The novel ends inconclusively. Aunt Heete offers the couple a home with her; they could live off the proceeds from selling her fields as building land, freeing Karl to pursue his literary ambitions. Her conditions are marriage and childlessness. Both remain undecided.

== Style ==
Kaff auch Mare Crisium represents Schmidt's first sustained departure from standard German orthography. Drawing on Friedrich Gottlieb Klopstock's Grammatische Gespräche (1794) and James Joyce's Finnegans Wake, he renders speech phonetically, capturing the Lower Silesian dialect of Hertha and the Low German accent of Aunt Heete. He coins punning neologisms like "Roh-Mann-Tick" (raw-man-tick) for Romantik (romanticism).

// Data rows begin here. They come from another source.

lemma coeff_linear_triangle_eq_0:
  "n - k < i \<Longrightarrow> coeff (linear_triangle c a n k) i = 0"
proof (induction n arbitrary: k i)
  case 0
  then show ?case by (cases k) simp_all
next
  case (Suc n)
  note IH = Suc.IH and prems = Suc.prems
  show ?case
  proof (cases k)
    case 0
    then show ?thesis by simp
  next
    case (Suc k')
    from prems have "n - k' < i" using \<open>k = Suc k'\<close> by simp
    have next_row: "coeff (linear_triangle c a n (Suc k')) j = 0" if "i - 1 \<le> j" for j
    proof (cases "k' < n")
      case True
      show ?thesis by (rule IH) (use True \<open>n - k' < i\<close> that in linarith)
    next
      case False
      then show ?thesis by (simp add: linear_triangle_eq_0)
    qed
    have "coeff (linear_triangle c a n k') i = 0" by (rule IH) fact
    moreover have "coeff (linear_triangle c a n (Suc k')) i = 0" by (rule next_row) simp
    moreover have "coeff (linear_triangle c a n (Suc k')) (i - 1) = 0" by (rule next_row) simp
    ultimately show ?thesis
      unfolding \<open>k = Suc k'\<close> coeff_linear_triangle_Suc_Suc by simp
  qed
qed

lemma coeff_linear_triangle_top:
  "coeff (linear_triangle c a n k) (n - k) = triangle a n k"
proof (induction n arbitrary: k)
  case 0
  then show ?case by (cases k) simp_all
next
  case (Suc n)
  note IH = Suc.IH
  show ?case
  proof (cases k)
    case 0
    then show ?thesis by simp
  next
    case (Suc k')
    show ?thesis
    proof (cases "k' < n")
      case True
      then have "coeff (linear_triangle c a n (Suc k')) (n - k') = 0"
        by (intro coeff_linear_triangle_eq_0) auto
      moreover have "n - k' - 1 = n - Suc k'" by simp
      ultimately show ?thesis
        using True IH[of k'] IH[of "Suc k'"] \<open>k = Suc k'\<close>
        by (simp add: coeff_linear_triangle_Suc_Suc)
    next
      case False
      then show ?thesis
        using IH[of k'] \<open>k = Suc k'\<close>
        by (simp add: coeff_linear_triangle_Suc_Suc linear_triangle_eq_0 triangle_eq_0)
    qed
  qed
qed

lemma coeff_linear_triangle_0:
  "coeff (linear_triangle c a n k) 0 = triangle c n k"
proof (induction n arbitrary: k)
  case 0
  then show ?case by (cases k) simp_all
next
  case (Suc n)
  then show ?case by (cases k) (simp_all add: coeff_linear_triangle_Suc_Suc)
qed

lemma coeff_linear_triangle_nonneg:
  fixes c a :: "nat \<Rightarrow> nat \<Rightarrow> 'a::linordered_idom"
  assumes "\<And>n k. k < n \<Longrightarrow> 0 \<le> c n k" and "\<And>n k. k < n \<Longrightarrow> 0 \<le> a n k"
  shows "0 \<le> coeff (linear_triangle c a n k) i"
proof (induction n arbitrary: k i)
  case 0
  then show ?case by (cases k) (simp_all add: coeff_1)
next
  case (Suc n)
  note IH = Suc.IH
  show ?case
  proof (cases k)
    case 0
    then show ?thesis by simp
  next
    case (Suc k')
    then show ?thesis
      using IH assms linear_triangle_eq_0[of n "Suc k'" c a]
      by (cases "k' < n") (simp_all add: coeff_linear_triangle_Suc_Suc)
  qed
qed

lemma coeff_linear_triangle_pos:
  fixes c a :: "nat \<Rightarrow> nat \<Rightarrow> 'a::linordered_idom"
  assumes c_pos: "\<And>n k. k < n \<Longrightarrow> 0 < c n k" and a_pos: "\<And>n k. k < n \<Longrightarrow> 0 < a n k"
    and "k \<le> n" and "k = 0 \<Longrightarrow> n = 0" and "i \<le> n - k"
  shows "0 < coeff (linear_triangle c a n k) i"
  using assms(3-5)
proof (induction n arbitrary: k i)
  case 0
  then show ?case by simp
next
  case (Suc n)
  from Suc.prems obtain k' where k: "k = Suc k'" by (cases k) auto
  have nonneg: "0 \<le> coeff (linear_triangle c a n j) i'" for j i'
    using c_pos a_pos by (intro coeff_linear_triangle_nonneg) (simp_all add: less_imp_le)
  consider "k' = n" | "k' < n" "i \<le> n - Suc k'" | "k' < n" "i = n - k'"
    using Suc.prems k by linarith
  then show ?case
  proof cases
    case 1
    then have "i = 0" using Suc.prems k by simp
    moreover have "0 < coeff (linear_triangle c a n k') i" using Suc.IH[of k' i] 1 \<open>i = 0\<close> by simp
    ultimately show ?thesis using 1
      by (simp add: coeff_linear_triangle_Suc_Suc k linear_triangle_eq_0)
  next
    case 2
    then have "0 < coeff (linear_triangle c a n (Suc k')) i" using Suc.IH[of "Suc k'" i] by simp
    then have "0 < c n k' * coeff (linear_triangle c a n (Suc k')) i"
      using c_pos \<open>k' < n\<close> by simp
    moreover have "0 \<le> (if i = 0 then 0 else a n k' * coeff (linear_triangle c a n (Suc k')) (i - 1))"
      using nonneg a_pos[OF \<open>k' < n\<close>] by simp
    ultimately show ?thesis
      unfolding k coeff_linear_triangle_Suc_Suc using nonneg[of k' i] by linarith
  next
    case 3
    then have "0 < coeff (linear_triangle c a n (Suc k')) (i - 1)" "i \<noteq> 0"
      using Suc.IH[of "Suc k'" "i - 1"] by simp_all
    then have "0 < (if i = 0 then 0 else a n k' * coeff (linear_triangle c a n (Suc k')) (i - 1))"
      using a_pos \<open>k' < n\<close> by simp
    moreover have "0 \<le> c n k' * coeff (linear_triangle c a n (Suc k')) i"
      using nonneg c_pos[OF \<open>k' < n\<close>] by simp
    ultimately show ?thesis
      unfolding k coeff_linear_triangle_Suc_Suc using nonneg[of k' i] by linarith
  qed
qed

The text is divided into short units of five to ten lines, each introduced by an italicized phrase. Schmidt uses an array of typographical symbols - colons, exclamation marks, slashes - to indicate pauses, gestures, and facial expressions.

A satirical preface, signed "D. Martin Ochs" (an anagram of the author's name) from the "Office for the Protection of Individuals," ironically alludes to Schmidt's 1955 blasphemy prosecution. It warns: "Anyone who attempts to sniff out 'plot' or 'deeper meaning,' or even tries to see a 'work of art' herein, will be shot."

== Reception ==
The critic Helmut Heißenbüttel ranked the novel "among the highest in German literature." Alfred Andersch called it "a magnificent, wild, sad book."

== Editions ==
- Kaff auch Mare Crisium. Stahlberg, Karlsruhe 1960 (first edition)
- Kaff auch Mare Crisium. Fischer Taschenbuch, Frankfurt am Main 1970 (paperback; new edition 1994)
- Kaff auch Mare Crisium. In: Bargfelder Ausgabe, Werkgruppe I, Bd. 3. Haffmans, Zürich 1987, pp. 7–277
- Kaff auch Mare Crisium. Suhrkamp, Frankfurt am Main 2004. ISBN 978-3-518-41650-1

An audiobook read by Jan Philipp Reemtsma was released in 2004 on ten CDs.

== Notes ==
The German word "Kaff" colloquially means a small, insignificant village (roughly equivalent to English "dump" or "one-horse town"). In Low German dialects it can also mean "chaff."